Set it to 0 only when the source data has already been tail-coded upstream by the data custodian; larger values (e.g. 5 for [p05, p95]) give stronger SDC at the cost of a more contracted support. Under stratification, the same trim applies within each stratum and strata below min_cell_size are skipped from marginals_cont_stratified.csv. The resolved value is recorded in metadata.csv as dm_quantile_trim.

Correlation matrices — disclosure-risk assessment

Correlation matrices are low-risk and standard practice for statistical agencies. datamirror exports a full pairwise Spearman rank correlation matrix (correlations.csv) without per-cell suppression. Spearman is the correct input for the Gaussian copula (it is invariant to the monotone marginal transforms), and like Pearson it is an aggregate over the full sample with the same low disclosure risk.

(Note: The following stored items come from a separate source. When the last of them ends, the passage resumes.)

text \<open>Radon's argument: pick a point x S common to all members but S and take a Radon
  partition A, B of these points.  Each S contains all of A or all of B (it can only miss
  x S), hence a common point of the two hulls.\<close>

lemma radon_helly_step:
  assumes cs: "convexity_space X C" and rp: "radon_property X C n"
    and F: "finite F" "F \<subseteq> C" "card F \<ge> n"
    and punctured: "\<And>S. S \<in> F \<Longrightarrow> \<Inter>(F - {S}) \<noteq> {}"
  shows "\<Inter>F \<noteq> {}"
proof -
  have "\<forall>S\<in>F. \<exists>y. y \<in> \<Inter>(F - {S})"
    using punctured by blast
  then obtain x where x: "\<forall>S\<in>F. x S \<in> \<Inter>(F - {S})"
    by (rule bchoice[elim_format]) blast
  have in_others: "x S \<in> T" if "S \<in> F" "T \<in> F" "T \<noteq> S" for S T
    using x that by blast
  show ?thesis
  proof (cases "inj_on x F")
    case False
    then obtain S T where ST: "S \<in> F" "T \<in> F" "S \<noteq> T" "x S = x T"
      unfolding inj_on_def by blast
    have "x S \<in> U" if "U \<in> F" for U
    proof (cases "U = S")
      case True
      then show ?thesis using ST in_others[of T S] by simp
    next
      case False
      then show ?thesis using ST(1) that in_others by blast
    qed
    then show ?thesis by blast
  next
    case True
    have "card F \<ge> 2"
      using F(3) radon_property_ge_2[OF cs rp] by simp
    have "\<not> F \<subseteq> {S}" for S
    proof
      assume "F \<subseteq> {S}"
      then have "card F \<le> card {S}" by (rule card_mono[rotated]) simp
      with \<open>card F \<ge> 2\<close> show False by simp
    qed
    have "x S \<in> X" if "S \<in> F" for S
    proof -
      obtain T where "T \<in> F" "T \<noteq> S"
        using \<open>\<not> F \<subseteq> {S}\<close> by blast
      then show ?thesis
        using in_others[OF that] F(2) convexity_spaceD(4)[OF cs] by blast
    qed
    then have "x ` F \<subseteq> X" by blast
    moreover have "finite (x ` F)"
      using F(1) by simp
    moreover have "card (x ` F) \<ge> n"
      using True F(3) by (simp add: card_image)
    ultimately obtain A B where AB: "A \<union> B = x ` F" "A \<inter> B = {}"
      and "cconv C A \<inter> cconv C B \<noteq> {}"
      using radon_partition_exists[OF rp] by meson
    then obtain p where p: "p \<in> cconv C A" "p \<in> cconv C B"
      by blast
    have "p \<in> S" if S: "S \<in> F" for S
    proof -
      have hull_in_S: "p \<in> S" if "p \<in> cconv C D" "D \<subseteq> x ` F" "x S \<notin> D" for D
      proof -
        have "D \<subseteq> S"
          using that(2,3) in_others[OF _ S] by blast
        then show ?thesis
          using that(1) cconv_subset[of S C D] S F(2) by blast
      qed
      have "A \<subseteq> x ` F" "B \<subseteq> x ` F"
        using AB(1) by blast+
      moreover have "x S \<notin> A \<or> x S \<notin> B"
        using AB(2) by blast
      ultimately show "p \<in> S"
        using hull_in_S p by blast
    qed
    then show ?thesis by blast
  qed
qed

theorem helly_from_radon:
  assumes cs: "convexity_space X C" and rp: "radon_property X C n"
    and "finite F" "F \<subseteq> C" "\<And>G. G \<subseteq> F \<Longrightarrow> card G < n \<Longrightarrow> \<Inter>G \<noteq> {}"
  shows "\<Inter>F \<noteq> {}"
  using assms(3-)
proof (induction "card F" arbitrary: F rule: less_induct)
  case (less F)
  show ?case
  proof (cases "card F < n")
    case True
    then show ?thesis using less.prems by blast
  next
    case False
    have "\<Inter>(F - {S}) \<noteq> {}" if "S \<in> F" for S
      using less that by (meson Diff_subset card_Diff1_less finite_Diff order_trans)
    then show ?thesis
      using radon_helly_step[OF cs rp] less.prems False by simp
  qed
qed

lemma large_subsets_intersect:
  assumes "finite E" "finite \<A>" "\<A> \<noteq> {}" "card \<A> \<le> h"
    and large: "\<And>A. A \<in> \<A> \<Longrightarrow> h * card (E - A) < card E"
  shows "E \<inter> \<Inter>\<A> \<noteq> {}"
proof -
  have "h * card (\<Union>A\<in>\<A>. E - A) \<le> h * (\<Sum>A\<in>\<A>. card (E - A))"
    using card_UN_le[OF assms(2)] by (rule mult_le_mono2)
  also have "\<dots> = (\<Sum>A\<in>\<A>. h * card (E - A))"
    by (simp add: sum_distrib_left)
  also have "\<dots> < (\<Sum>A\<in>\<A>. card E)"
    using assms(2,3) large by (intro sum_strict_mono) auto
  also have "\<dots> \<le> h * card E"
    using assms(4) by simp
  finally have "card (\<Union>A\<in>\<A>. E - A) < card E"
    by simp
  then have "\<not> E \<subseteq> (\<Union>A\<in>\<A>. E - A)"
    using assms(1) by (meson card_mono finite_UN_I finite_Diff assms(2) not_le)
  then show ?thesis by blast
qed

definition centerpoint :: "'a set set \<Rightarrow> nat \<Rightarrow> ('e \<Rightarrow> 'a) \<Rightarrow> 'e set \<Rightarrow> 'a \<Rightarrow> bool" where
  "centerpoint C h g E c \<longleftrightarrow> (\<forall>E' \<subseteq> E. h * card (E - E') < card E \<longrightarrow> c \<in> cconv C (g ` E'))"

lemma centerpoint_exists:
  assumes cs: "convexity_space X C" and rp: "radon_property X C (Suc h)"
    and E: "finite E" and g: "g ` E \<subseteq> X"
  shows "\<exists>c. centerpoint C h g E c"
proof -
  define \<L> where "\<L> = {E'. E' \<subseteq> E \<and> h * card (E - E') < card E}"
  define hull_of where "hull_of E' = cconv C (g ` E')" for E'
  have convex: "hull_of E' \<in> C" if "E' \<subseteq> E" for E'
    unfolding hull_of_def using that g by (intro cconv_in_convex[OF cs]) blast
  have "\<L> \<subseteq> Pow E"
    unfolding \<L>_def by blast
  then have "finite \<L>"
    using E by (simp add: finite_subset)
  then have "finite (hull_of ` \<L>)"
    by (rule finite_imageI)
  moreover have "hull_of ` \<L> \<subseteq> C"
    using convex unfolding \<L>_def by blast
  moreover have "\<Inter>\<G> \<noteq> {}" if \<G>: "\<G> \<subseteq> hull_of ` \<L>" "card \<G> < Suc h" for \<G>
  proof (cases "\<G> = {}")
    case False
    obtain \<A> where \<A>: "\<A> \<subseteq> \<L>" "inj_on hull_of \<A>" "\<G> = hull_of ` \<A>"
      using subset_image_inj[THEN iffD1, OF \<G>(1)] by blast
    have "finite \<A>"
      using \<A>(1) \<open>finite \<L>\<close> by (rule finite_subset)
    moreover have "\<A> \<noteq> {}"
      using \<A>(3) False by blast
    moreover have "card \<A> \<le> h"
      using \<A>(2,3) \<G>(2) by (simp add: card_image)
    ultimately have "E \<inter> \<Inter>\<A> \<noteq> {}"
      using \<A>(1) unfolding \<L>_def by (intro large_subsets_intersect[OF E]) auto
    then obtain e where e: "e \<in> E" "\<forall>A\<in>\<A>. e \<in> A"
      by blast
    have "g e \<in> hull_of A" if "A \<in> \<A>" for A
      unfolding hull_of_def using e that subset_cconv[of "g ` A" C] by blast
    then show ?thesis
      using \<A>(3) by blast
  qed simp
  ultimately have "\<Inter>(hull_of ` \<L>) \<noteq> {}"
    by (rule helly_from_radon[OF cs rp])
  then obtain c where c: "\<forall>E'\<in>\<L>. c \<in> hull_of E'"
    by blast
  have "centerpoint C h g E c"
    unfolding centerpoint_def
  proof (intro allI impI)
    fix E' assume "E' \<subseteq> E" "h * card (E - E') < card E"
    then show "c \<in> cconv C (g ` E')"
      using c unfolding \<L>_def hull_of_def by blast
  qed
  then show ?thesis ..
qed

lemma separable_hull:
  assumes "convexity_space X C" and "separable X C" and "Y \<subseteq> X" "c \<in> X" "c \<notin> cconv C Y"
  obtains \<gamma> where "halfspace X C \<gamma>" "Y \<subseteq> \<gamma>" "c \<notin> \<gamma>"
proof -
  have "cconv C Y \<in> C" "c \<in> X - cconv C Y"
    using cconv_in_convex[OF assms(1,3)] assms(4,5) by blast+
  then obtain \<gamma> where "halfspace X C \<gamma>" "cconv C Y \<subseteq> \<gamma>" "c \<notin> \<gamma>"
    using assms(2) unfolding separable_def by blast
  then show thesis
    using that subset_cconv[of Y C] by blast
qed
(* Let $A\in\mathbb{C}^{d\times d}$ be Hermitian positive-definite and let $M\in\mathbb{R}^{d\times d}$ be diagonal with positive diagonal entries. Let $\lambda_0>0$ be the smallest eigenvalue of the generalized eigenvalue problem $Az=\lambda Mz$. For $\lambda>0$ consider the energy $e:\mathbb{C}^d\to\mathbb{R}$, $$e(z)=\tfrac12\langle Az,z\rangle+\tfrac{\lambda}{4}\langle Mu,u\rangle,\qquad u_i=1-|z_i|^2\ (i=1,\dots,d),$$ where $\langle x,y\rangle=\mathrm{Re}\,(x^\dagger y)$. If $0<\lambda\le\lambda_0$, then the only critical point of $e$ (viewing $\mathbb{C}^d\cong\mathbb{R}^{2d}$) is $z=0$.
   Context: $x^\dagger$ denotes the conjugate transpose. Critical points are points where the gradient of $e$ with respect to the real and imaginary parts of $z$ vanishes. *)

theory Defs
  imports "HOL-Analysis.Analysis"
begin

definition cinner :: "complex ^ 'n \<Rightarrow> complex ^ 'n \<Rightarrow> real" where
  "cinner x y = Re (\<Sum>i\<in>UNIV. cnj (x $ i) * y $ i)"

definition hermitian_mat :: "complex ^ 'n ^ 'n \<Rightarrow> bool" where
  "hermitian_mat A \<longleftrightarrow> (\<forall>i j. A $ i $ j = cnj (A $ j $ i))"

definition pos_def_herm :: "complex ^ 'n ^ 'n \<Rightarrow> bool" where
  "pos_def_herm A \<longleftrightarrow> hermitian_mat A \<and> (\<forall>z. z \<noteq> 0 \<longrightarrow> cinner (A *v z) z > 0)"

definition pos_diag_mat :: "real ^ 'n ^ 'n \<Rightarrow> bool" where
  "pos_diag_mat M \<longleftrightarrow> (\<forall>i j. i \<noteq> j \<longrightarrow> M $ i $ j = 0) \<and> (\<forall>i. M $ i $ i > 0)"

definition gen_eigenvalue :: "complex ^ 'n ^ 'n \<Rightarrow> real ^ 'n ^ 'n \<Rightarrow> complex \<Rightarrow> bool" where
  "gen_eigenvalue A M mu \<longleftrightarrow>
     (\<exists>z. z \<noteq> 0 \<and> A *v z = mu *s ((\<chi> i j. complex_of_real (M $ i $ j)) *v z))"
lemma resolventM_in_graph:
  assumes mm: "maximal_monotone T" and \<sigma>: "0 < \<sigma>"
  shows "M ((1 / \<sigma>) *\<^sub>R (z - resolventM T M \<sigma> z)) \<in> T (resolventM T M \<sigma> z)"
proof -
  have mono: "monotone_operator T" using mm by (simp add: maximal_monotone_def)
  obtain p where p: "\<And>y v. v \<in> T y \<Longrightarrow> 0 \<le> (p - y) \<bullet> (M (z - p) - \<sigma> *\<^sub>R v)"
    using minty_variational_solution[OF mm \<sigma>] by blast
  define w where "w = (1 / \<sigma>) *\<^sub>R (z - p)"
  have z: "z = p + \<sigma> *\<^sub>R w" using \<sigma> by (simp add: w_def)
  then have "M (z - p) - \<sigma> *\<^sub>R v = \<sigma> *\<^sub>R (M w - v)" for v
    by (simp add: M_linear_simps scaleR_diff_right)
  then have "0 \<le> (p - y) \<bullet> (M w - v)" if "v \<in> T y" for y v
    using p[OF that] \<sigma> by (simp add: zero_le_mult_iff)
  then have w: "M w \<in> T p" using mm unfolding maximal_monotone_def by blast
  have "resolventM T M \<sigma> z = p"
    unfolding resolventM_def
  proof (rule the_equality)
    show "\<exists>w. M w \<in> T p \<and> z = p + \<sigma> *\<^sub>R w" using w z by blast
    show "q = p" if q: "\<exists>w. M w \<in> T q \<and> z = q + \<sigma> *\<^sub>R w" for q
    proof -
      obtain w' where w': "M w' \<in> T q" "q + \<sigma> *\<^sub>R w' = p + \<sigma> *\<^sub>R w" using q z by auto
      show ?thesis by (rule resolvent_point_unique[OF mono \<sigma> w'(1) w w'(2)])
    qed
  qed
  then show ?thesis using w by (simp add: w_def)
qed

lemma resolventM_firmly_quasi_nonexpansive:
  fixes z zs :: 'a
  assumes mm: "maximal_monotone T" and \<sigma>: "0 < \<sigma>" and zs: "zs \<in> zeros T"
  defines "p \<equiv> resolventM T M \<sigma> z"
  shows "(normM M (p - zs))^2 + (normM M (z - p))^2 \<le> (normM M (z - zs))^2"
proof -
  have "0 \<le> (p - zs) \<bullet> (M ((1 / \<sigma>) *\<^sub>R (z - p)) - 0)"
    using mm resolventM_in_graph[OF mm \<sigma>] zs
    unfolding maximal_monotone_def monotone_operator_def zeros_def p_def by blast
  then have "0 \<le> (p - zs) \<bullet> M (z - p)"
    using \<sigma> by (simp add: M_linear_simps(3) zero_le_divide_iff)
  then have "0 \<le> (z - p) \<bullet> M (p - zs)" by (simp only: inner_M_commute[of "z - p"])
  moreover have "(normM M (z - zs))^2 = (normM M ((z - p) + (p - zs)))^2" by simp
  ultimately show ?thesis unfolding normM_sq_add by linarith
qed

lemma normM_resolventM_le:
  assumes "maximal_monotone T" and "0 < \<sigma>" and "zs \<in> zeros T"
  shows "normM M (resolventM T M \<sigma> z - zs) \<le> normM M (z - zs)"
  using resolventM_firmly_quasi_nonexpansive[OF assms, of z] normM_nonneg
  by (smt (verit) power2_le_imp_le zero_le_power2)

lemma resolventM_residual_le_distM:
  assumes mm: "maximal_monotone T" and ne: "zeros T \<noteq> {}" and \<sigma>: "0 < \<sigma>"
  shows "normM M (z - resolventM T M \<sigma> z) \<le> distM M z (zeros T)"
proof -
  obtain zb where zb: "zb \<in> zeros T" "normM M (zb - z) = distM M z (zeros T)"
    using distM_attained[OF closed_zeros[OF mm] ne] .
  then have "(normM M (z - resolventM T M \<sigma> z))^2 \<le> (distM M z (zeros T))^2"
    using resolventM_firmly_quasi_nonexpansive[OF mm \<sigma> zb(1), of z] normM_minus_commute[of z zb]
    by (smt (verit) zero_le_power2)
  then show ?thesis using zb(2) normM_nonneg by (metis power2_le_imp_le)
qed

end

definition relaxed_ppa_rate :: "real \<Rightarrow> real \<Rightarrow> real" where
  "relaxed_ppa_rate \<gamma> \<alpha> = sqrt (1 - min \<gamma> (2 * \<gamma> - \<gamma>^2) * \<alpha>^2 / (\<alpha>^2 + 1))"

definition igppa_rate :: "real \<Rightarrow> real \<Rightarrow> real \<Rightarrow> real" where
  "igppa_rate \<gamma> \<delta> \<alpha> =
     (1 / (1 - \<delta>)) * (relaxed_ppa_rate \<gamma> \<alpha> + \<delta> * (min \<gamma> 1 / sqrt (\<alpha>^2 + 1) + 1))"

Aggregate statistics, not individual data

A rank correlation is a population-level summary, computed over every observation:

Correlation(X, Y) = Σ(ri - r̄)(si - s̄) / (n × σr × σs)
  where ri, si are the ranks of xi, yi
  • Each correlation averages over all n observations.
  • No individual's data can be recovered from a correlation coefficient.
  • Standard output from regression analyses worldwide.

Small groups have negligible influence

Mathematical reality with large n (e.g. n=7.5M):

Small group sizeInfluence on overall correlation
n=1 ~0.0000001
n=10 ~0.000001
n=49 ~0.000007
n=100 ~0.00001

Even a perfectly correlated small subgroup (r=1.0 internally) contributes orders of magnitude below the noise floor of a full-sample correlation. Correlation matrices are reliably non-disclosive at realistic register-data sample sizes.

What's in the correlation file

  • Continuous variables — all included
  • Low-cardinality numeric categoricals (household counts, age groups, …) — included
  • High-cardinality numeric categoricals — included
  • String categoricals — automatically excluded (not numerically meaningful for a rank correlation)

Checkpoint coefficients

A normal regression coefficient is an aggregate summary statistic: it is computed over every observation in the estimation sample, and no individual's data is recoverable from it. But a checkpoint stores coefficients, standard errors, the command line, and N, and marginal suppression does not touch any of these. A regression run on very few people, or one whose coefficient is dominated by a tiny group, can functionally encode the underlying records — at the extreme, an OLS line through two points reproduces both points. So checkpoints are not assumed safe; each one passes a disclosure control at capture time, the only point where the estimation sample still exists to count cells.

The control runs across every supported estimator family (OLS, fixed effects, 2SLS, logit, probit, Poisson, negative binomial) and enforces three rules, governed by the same parameters as the marginals:

  1. Sample-size floor. A checkpoint with e(N) < min_cell_size is rejected outright — the whole regression is too small to describe. Nothing is stored.
  2. Residual-df floor. A checkpoint with fewer than min_resid_df residual degrees of freedom (N minus the number of estimated parameters) is rejected: a near-exact fit is close to an algebraic function of the rows and can encode the data. This is the standard safe-centre output-checking criterion. For ML estimators that don't expose e(df_r), the floor is computed from N minus the coefficient count.
  3. Per-category coefficient drop. A factor level or interaction cell describing fewer than min_cell_size people yields a coefficient dominated by that small group, so that single coefficient is dropped from the exported recipe while the rest of the regression is kept. The variable still exists in the synthetic data (it is generated from its marginal), so the regression still reproduces — only the small-group coefficient is withheld. If dropping leaves no real predictor, the whole checkpoint is rejected.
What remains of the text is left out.